There are people who would outwardly and proudly diminish a term, removing all of its substance and attainment, to satisfy some inner quest of personal fulfillment, despite their paradox of self-satisfaction and reality….

Friend Collector [frend] [kuh-lek-ter] noun:

  1. A person who adds enormous amounts of people on their social networking pages just for the sake of having enormous amounts of people on their social networking pages for (another) sake of believing they are cool or better or more popular than everyone else.
  2. A person who ignores you when you try to talk to them because they think they are better than you due to the large amount of friends they have on their friends list.
  3. A person who clicks on “add friend” buttons without knowing the person they are adding.
  4. A person who clicks on “add friend” buttons without ever meeting the person they are adding.
  5. A person who thinks they are special in reference to their social network microcosm.
  6. A person who has no actual friends; attracts mindless lemmings.

Origin: After 2005; American English friend collector (friend collector, friend collecting, friend collected). Related terms include; friend whore, friend whoring, pedo bear, glitter gatherer, wannabe, Eslut, comment whore, so-so lonely.

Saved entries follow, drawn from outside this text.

lemma ult_mult_assoc:
  assumes p: "is_ultrafilter p" and q: "is_ultrafilter q" and r: "is_ultrafilter r"
  shows "ult_mult (ult_mult p q) r = ult_mult p (ult_mult q r)"
proof -
  have pq: "is_ultrafilter (ult_mult p q)" and qr: "is_ultrafilter (ult_mult q r)"
    using ult_mult_ultrafilter assms by auto
  have "C \<in> ult_mult (ult_mult p q) r \<longleftrightarrow> C \<in> ult_mult p (ult_mult q r)" for C
  proof -
    \<comment> \<open>Associativity of \<open>X\<close> in the form \<open>(ab)\<inverse>C = b\<inverse>(a\<inverse>C)\<close>.\<close>
    have quot: "left_quot {x. left_quot C x \<in> r} a = {b. left_quot (left_quot C a) b \<in> r}" for a
      unfolding left_quot_def by (simp add: mult.assoc)
    have "C \<in> ult_mult (ult_mult p q) r \<longleftrightarrow> {x. left_quot C x \<in> r} \<in> ult_mult p q"
      by (rule ult_mult_iff[OF pq r])
    also have "\<dots> \<longleftrightarrow> {a. {b. left_quot (left_quot C a) b \<in> r} \<in> q} \<in> p"
      unfolding ult_mult_iff[OF p q] quot ..
    also have "{a. {b. left_quot (left_quot C a) b \<in> r} \<in> q} = {a. left_quot C a \<in> ult_mult q r}"
      using ult_mult_iff[OF q r] by blast
    also have "\<dots> \<in> p \<longleftrightarrow> C \<in> ult_mult p (ult_mult q r)"
      using ult_mult_iff[OF p qr] by blast
    finally show ?thesis .
  qed
  then show ?thesis by blast
qed


subsection \<open>Closed subsemigroups and the Ellis--Numakura lemma\<close>

text \<open>A family \<open>F\<close> of subsets of \<open>X\<close> determines the closed set \<open>ufs F\<close> of ultrafilters
  extending it; every closed subset of \<open>\<beta>(X)\<close> is of this form.\<close>

definition ufs :: "'a set set \<Rightarrow> 'a set set set" where
  "ufs F = {p. is_ultrafilter p \<and> F \<subseteq> p}"

definition mult_closed :: "'a::semigroup_mult set set set \<Rightarrow> bool" where
  "mult_closed T \<longleftrightarrow> (\<forall>p\<in>T. \<forall>q\<in>T. ult_mult p q \<in> T)"

text \<open>The largest family describing the closed set \<open>ufs F\<close>; it is a filter.\<close>

definition hull_filter :: "'a set set \<Rightarrow> 'a set set" where
  "hull_filter F = {A. \<forall>p\<in>ufs F. A \<in> p}"

lemma ufs_hull_filter: "ufs (hull_filter F) = ufs F"
  unfolding ufs_def hull_filter_def by blast

lemma subset_hull_filter: "F \<subseteq> hull_filter F"
  unfolding hull_filter_def ufs_def by blast

lemma set_filter_hull_filter: "set_filter (hull_filter F)"
  unfolding set_filter_def hull_filter_def ufs_def
  by (auto intro: uf_UNIV uf_up simp: uf_Int_iff)

text \<open>By Zorn's lemma, a nonempty closed subsemigroup contains a minimal one, described by a
  maximal filter \<open>M\<close>: any larger family still describing a nonempty closed subsemigroup
  describes the same set.\<close>

lemma minimal_closed_subsemigroup:
  fixes F0 :: "'a::semigroup_mult set set"
  assumes "ufs F0 \<noteq> {}" "mult_closed (ufs F0)"
  obtains M where "set_filter M" "F0 \<subseteq> M" "ufs M \<noteq> {}" "mult_closed (ufs M)"
    "\<And>G. M \<subseteq> G \<Longrightarrow> ufs G \<noteq> {} \<Longrightarrow> mult_closed (ufs G) \<Longrightarrow> ufs G = ufs M"
proof -
  define \<A> where "\<A> = {F. set_filter F \<and> F0 \<subseteq> F \<and> {} \<notin> F \<and> mult_closed (ufs (F :: 'a set set))}"
  have nonempty_iff: "{} \<notin> F \<longleftrightarrow> ufs F \<noteq> {}" if "set_filter F" for F :: "'a set set"
    using ultrafilter_exists[OF that] uf_empty unfolding ufs_def by blast
  have hull_in: "hull_filter G \<in> \<A>" if "F0 \<subseteq> G" "ufs G \<noteq> {}" "mult_closed (ufs G)" for G
  proof -
    have "{} \<notin> hull_filter G"
      using nonempty_iff[OF set_filter_hull_filter] that(2) by (simp add: ufs_hull_filter)
    moreover have "F0 \<subseteq> hull_filter G" using that(1) subset_hull_filter[of G] by blast
    ultimately show ?thesis
      unfolding \<A>_def using set_filter_hull_filter that(3) by (simp add: ufs_hull_filter)
  qed
  have "\<exists>M\<in>\<A>. \<forall>X\<in>\<A>. M \<subseteq> X \<longrightarrow> X = M"
  proof (rule Zorn_nonempty_chains)
    show "\<A> \<noteq> {}" using hull_in[of F0] assms by blast
    fix C assume C: "C \<noteq> {}" "C \<in> chains \<A>"
    then have sub: "C \<subseteq> \<A>" and ch: "chain\<^sub>\<subseteq> C" unfolding chains_def by auto
    have "set_filter (\<Union>C)" using set_filter_Union_chain[OF C(1) ch] sub unfolding \<A>_def by blast
    moreover have "F0 \<subseteq> \<Union>C" "{} \<notin> \<Union>C" using sub C(1) unfolding \<A>_def by auto
    moreover have "mult_closed (ufs (\<Union>C))" unfolding mult_closed_def
    proof (intro ballI)
      fix p q assume pq: "p \<in> ufs (\<Union>C)" "q \<in> ufs (\<Union>C)"
      have "F \<subseteq> ult_mult p q" if "F \<in> C" for F
      proof -
        have "p \<in> ufs F" "q \<in> ufs F" using pq that unfolding ufs_def by auto
        moreover have "mult_closed (ufs F)" using sub that unfolding \<A>_def by blast
        ultimately show ?thesis unfolding mult_closed_def ufs_def by blast
      qed
      then show "ult_mult p q \<in> ufs (\<Union>C)"
        using pq ult_mult_ultrafilter unfolding ufs_def by blast
    qed
    ultimately show "\<Union>C \<in> \<A>" unfolding \<A>_def by blast
  qed
  then obtain M where "M \<in> \<A>" and max: "\<And>X. X \<in> \<A> \<Longrightarrow> M \<subseteq> X \<Longrightarrow> X = M"
    by blast
  then have M: "set_filter M" "F0 \<subseteq> M" "ufs M \<noteq> {}" "mult_closed (ufs M)"
    unfolding \<A>_def using nonempty_iff by auto
  have "ufs G = ufs M" if "M \<subseteq> G" "ufs G \<noteq> {}" "mult_closed (ufs G)" for G
  proof -
    have "hull_filter G \<in> \<A>" using hull_in that M(2) by blast
    moreover have "M \<subseteq> hull_filter G" using that(1) subset_hull_filter[of G] by blast
    ultimately have "hull_filter G = M" using max by blast
    then show ?thesis using ufs_hull_filter[of G] by simp
  qed
  with M that show thesis by blast
qed

text \<open>The right orbit \<open>ufs M * p\<close> is closed (it is the image of a compact set under the
  continuous map \<open>q \<mapsto> q * p\<close>).  The key step: if \<open>r\<close> extends the family of sets lying in
  all products \<open>q * p\<close> (\<open>q \<in> ufs M\<close>), then each \<open>A \<in> M\<close> meets \<open>{a. a\<inverse>C \<in> p}\<close> for
  every \<open>C \<in> r\<close>; otherwise \<open>-C\<close> would lie in all these products, hence in \<open>r\<close>.\<close>

lemma right_orbit_meets:
  fixes p :: "'a::semigroup_mult set set"
  assumes p: "is_ultrafilter p" and r: "is_ultrafilter r"
    and r_ext: "{C. \<forall>q\<in>ufs M. C \<in> ult_mult q p} \<subseteq> r"
    and "A \<in> M" "C \<in> r"
  shows "A \<inter> {a. left_quot C a \<in> p} \<noteq> {}"
proof
  assume disjoint: "A \<inter> {a. left_quot C a \<in> p} = {}"
  have "- C \<in> ult_mult q p" if "q \<in> ufs M" for q
  proof -
    have q: "is_ultrafilter q" "A \<in> q" using that \<open>A \<in> M\<close> unfolding ufs_def by auto
    then have "{a. left_quot C a \<in> p} \<notin> q" using disjoint uf_disjoint by blast
    then have "C \<notin> ult_mult q p" using ult_mult_iff[OF q(1) p] by blast
    then show ?thesis using uf_Compl_iff[OF ult_mult_ultrafilter[OF q(1) p]] by blast
  qed
  then have "- C \<in> r" using r_ext by blast
  then show False using \<open>C \<in> r\<close> uf_Compl_iff[OF r] by blast
qed

text \<open>Consequently the sets \<open>A \<inter> {a. a\<inverse>C \<in> p}\<close> (\<open>A \<in> M\<close>, \<open>C \<in> r\<close>) form a filter base, and
  an ultrafilter \<open>q\<close> extending it satisfies \<open>q \<in> ufs M\<close> and \<open>r = q * p\<close>.\<close>

lemma right_orbit_closed:
  fixes p :: "'a::semigroup_mult set set"
  assumes p: "is_ultrafilter p" and M: "set_filter M" and r: "is_ultrafilter r"
    and r_ext: "{C. \<forall>q\<in>ufs M. C \<in> ult_mult q p} \<subseteq> r"
  shows "\<exists>q\<in>ufs M. r = ult_mult q p"
proof -
  define H where "H = {A \<inter> {a. left_quot C a \<in> p} | A C. A \<in> M \<and> C \<in> r}"
  have H_memI: "A \<inter> {a. left_quot C a \<in> p} \<in> H" if "A \<in> M" "C \<in> r" for A C
    unfolding H_def using that by blast
  have M_UNIV: "UNIV \<in> M" and M_Int: "\<And>X Y. X \<in> M \<Longrightarrow> Y \<in> M \<Longrightarrow> X \<inter> Y \<in> M"
    using M unfolding set_filter_def by blast+
  have "{} \<notin> H" using right_orbit_meets[OF p r r_ext] unfolding H_def by blast
  moreover have "\<exists>Z\<in>H. Z \<subseteq> X \<inter> Y" if "X \<in> H" "Y \<in> H" for X Y
  proof -
    obtain A C where X: "X = A \<inter> {a. left_quot C a \<in> p}" "A \<in> M" "C \<in> r"
      using \<open>X \<in> H\<close> unfolding H_def by blast
    obtain A' C' where Y: "Y = A' \<inter> {a. left_quot C' a \<in> p}" "A' \<in> M" "C' \<in> r"
      using \<open>Y \<in> H\<close> unfolding H_def by blast
    have "A \<inter> A' \<in> M" "C \<inter> C' \<in> r" using M_Int X Y uf_Int_iff[OF r] by auto
    then have "(A \<inter> A') \<inter> {a. left_quot (C \<inter> C') a \<in> p} \<in> H" by (rule H_memI)
    moreover have "(A \<inter> A') \<inter> {a. left_quot (C \<inter> C') a \<in> p} \<subseteq> X \<inter> Y"
      unfolding X Y using uf_Int_iff[OF p] by (auto simp: left_quot_Int)
    ultimately show ?thesis by blast
  qed
  moreover have "H \<noteq> {}" using H_memI[OF M_UNIV uf_UNIV[OF r]] by blast
  ultimately obtain q where q: "is_ultrafilter q" "H \<subseteq> q"
    using ultrafilter_extends_base[of H] by auto
  have "A \<in> q" if "A \<in> M" for A
    using H_memI[OF that uf_UNIV[OF r]] q uf_up[OF q(1)] by blast
  then have qM: "q \<in> ufs M" unfolding ufs_def using q by blast
  have "r \<subseteq> ult_mult q p"
  proof
    fix C assume "C \<in> r"
    then have "UNIV \<inter> {a. left_quot C a \<in> p} \<in> q" using H_memI M_UNIV q(2) by blast
    then show "C \<in> ult_mult q p" using ult_mult_iff[OF q(1) p] by simp
  qed
  then have "r = ult_mult q p" using ultrafilter_eqI[OF r ult_mult_ultrafilter[OF q(1) p]] by blast
  then show ?thesis using qM by blast
qed

lemma ufs_stabiliser:
  assumes p: "is_ultrafilter p"
  shows "q \<in> ufs (M \<union> {{a. left_quot C a \<in> p} | C. C \<in> p}) \<longleftrightarrow> q \<in> ufs M \<and> ult_mult q p = p"
proof
  assume q: "q \<in> ufs (M \<union> {{a. left_quot C a \<in> p} | C. C \<in> p})"
  then have q_uf: "is_ultrafilter q" and "q \<in> ufs M" unfolding ufs_def by auto
  moreover have "p \<subseteq> ult_mult q p"
  proof
    fix C assume "C \<in> p"
    then have "{a. left_quot C a \<in> p} \<in> q" using q unfolding ufs_def by blast
    then show "C \<in> ult_mult q p" using ult_mult_iff[OF q_uf p] by blast
  qed
  then have "ult_mult q p = p" using ultrafilter_eqI[OF p ult_mult_ultrafilter[OF q_uf p]] by (simp only: eq_commute)
  ultimately show "q \<in> ufs M \<and> ult_mult q p = p" by blast
next
  assume q: "q \<in> ufs M \<and> ult_mult q p = p"
  then have q_uf: "is_ultrafilter q" unfolding ufs_def by auto
  have "{a. left_quot C a \<in> p} \<in> q" if "C \<in> p" for C
  proof -
    have "C \<in> ult_mult q p" using that q by simp
    then show ?thesis using ult_mult_iff[OF q_uf p] by blast
  qed
  then show "q \<in> ufs (M \<union> {{a. left_quot C a \<in> p} | C. C \<in> p})"
    using q unfolding ufs_def by blast
qed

Before we start, let’s exclude from this definition all famous people, professional athletes, models, movie stars, musicians, comedians, bloggers, promoters, or anyone else whose career is based on vein popularity of social media and its blind adding of people to their sites and pages to promote themselves or their cause, product, or talent.  With that said, if you are not one of these people listed above and you find yourself adding people (in large amounts) to your social media websites who you don’t know, there is a good chance you meet the criteria of a Friend Collector.

I guess I was lucky that Facebook, Twitter, Pinterest, Instagram, and Myspace weren’t popular or didn’t exist when I was in high school and college, so I didn’t feel compelled to add every person in my class every year to my friends list.  But I get it; kids these days add everyone they meagerly associate with in order to keep the status quo of their classmates years to come (a friend of a friend is a friend).  Kids will be kids, but what is your excuse?

There is only one excuse that I will allow non-students to get away with without being labeled a friend collector; Internet Stalking.  Internet Stalking is a fun, safe, and easy way to stalk someone without potentially going to jail for actually stalking someone.  What better way to Internet Stalk someone than to add them as friends on all your favorite social media sites?  With Twitter, they don’t even need to accept your friendship; you can just follow them and stalk away!  You gain access to all their information, photos, and friend lists for your stalking pleasure, and for me, this makes Internet Stalking the only legitimate reason you would ever add anyone without knowing or meeting them.

This leads us to our topic, Friend Collecting.

Friend collecting is a serious problem.  Friend collectors find substance in quantity rather than quality.  There are two types of friend collectors.  The first type looks for acceptance and validity in people they don’t know and believe that adding more people to their friends list will add more validity to their life; a low self-esteem problem.  The second type believes they are at the center stage of the universe and owe it to people to friend them in order to grace those people with their presence; a false sense of high self-esteem problem.  In both types of friend collectors, the person doing the friend collecting enters status updates on their social media pages in a hope to get positive reaction, no matter the content.  The more people exposed to the status update (the larger the friends list), the more potential for approval or likes, and for the friend collector, the more valid the status update becomes.  Unfortunately for our friend collectors, no one in real life gives a fuck.  And if you find yourself meeting some of the criteria of a friend collector and you are not famous or actively stalking someone, you should realize too, that no one gives a fuck how many friends are on your friends list.  That’s it.  No one gives a fuck about your Internet friends you blindly seek approval from.  No fucks should ever be given to friend collectors and guess what, usually no fucks are.

….There was a time when having a few good friends meant you were lucky.  Before cell phones and social media, before email and texting, friends spent real time together.  You were a part of their life and making the choice to spend time with one another meant there was a bond of trust, commitment and/or love behind the friendship.  The modern world has destroyed the term friend.  They use “friend” to lure people into thinking something or someone is of importance, when in reality they are not.  No honorable person has a “List of friends.”  Friends should have an identity and have a purpose in your life, not listed in alphabetical order on some screen.  Meet people, friend them on your social media pages, but remember every time you collect a “friend” you don’t know, it takes away from the friends you do know.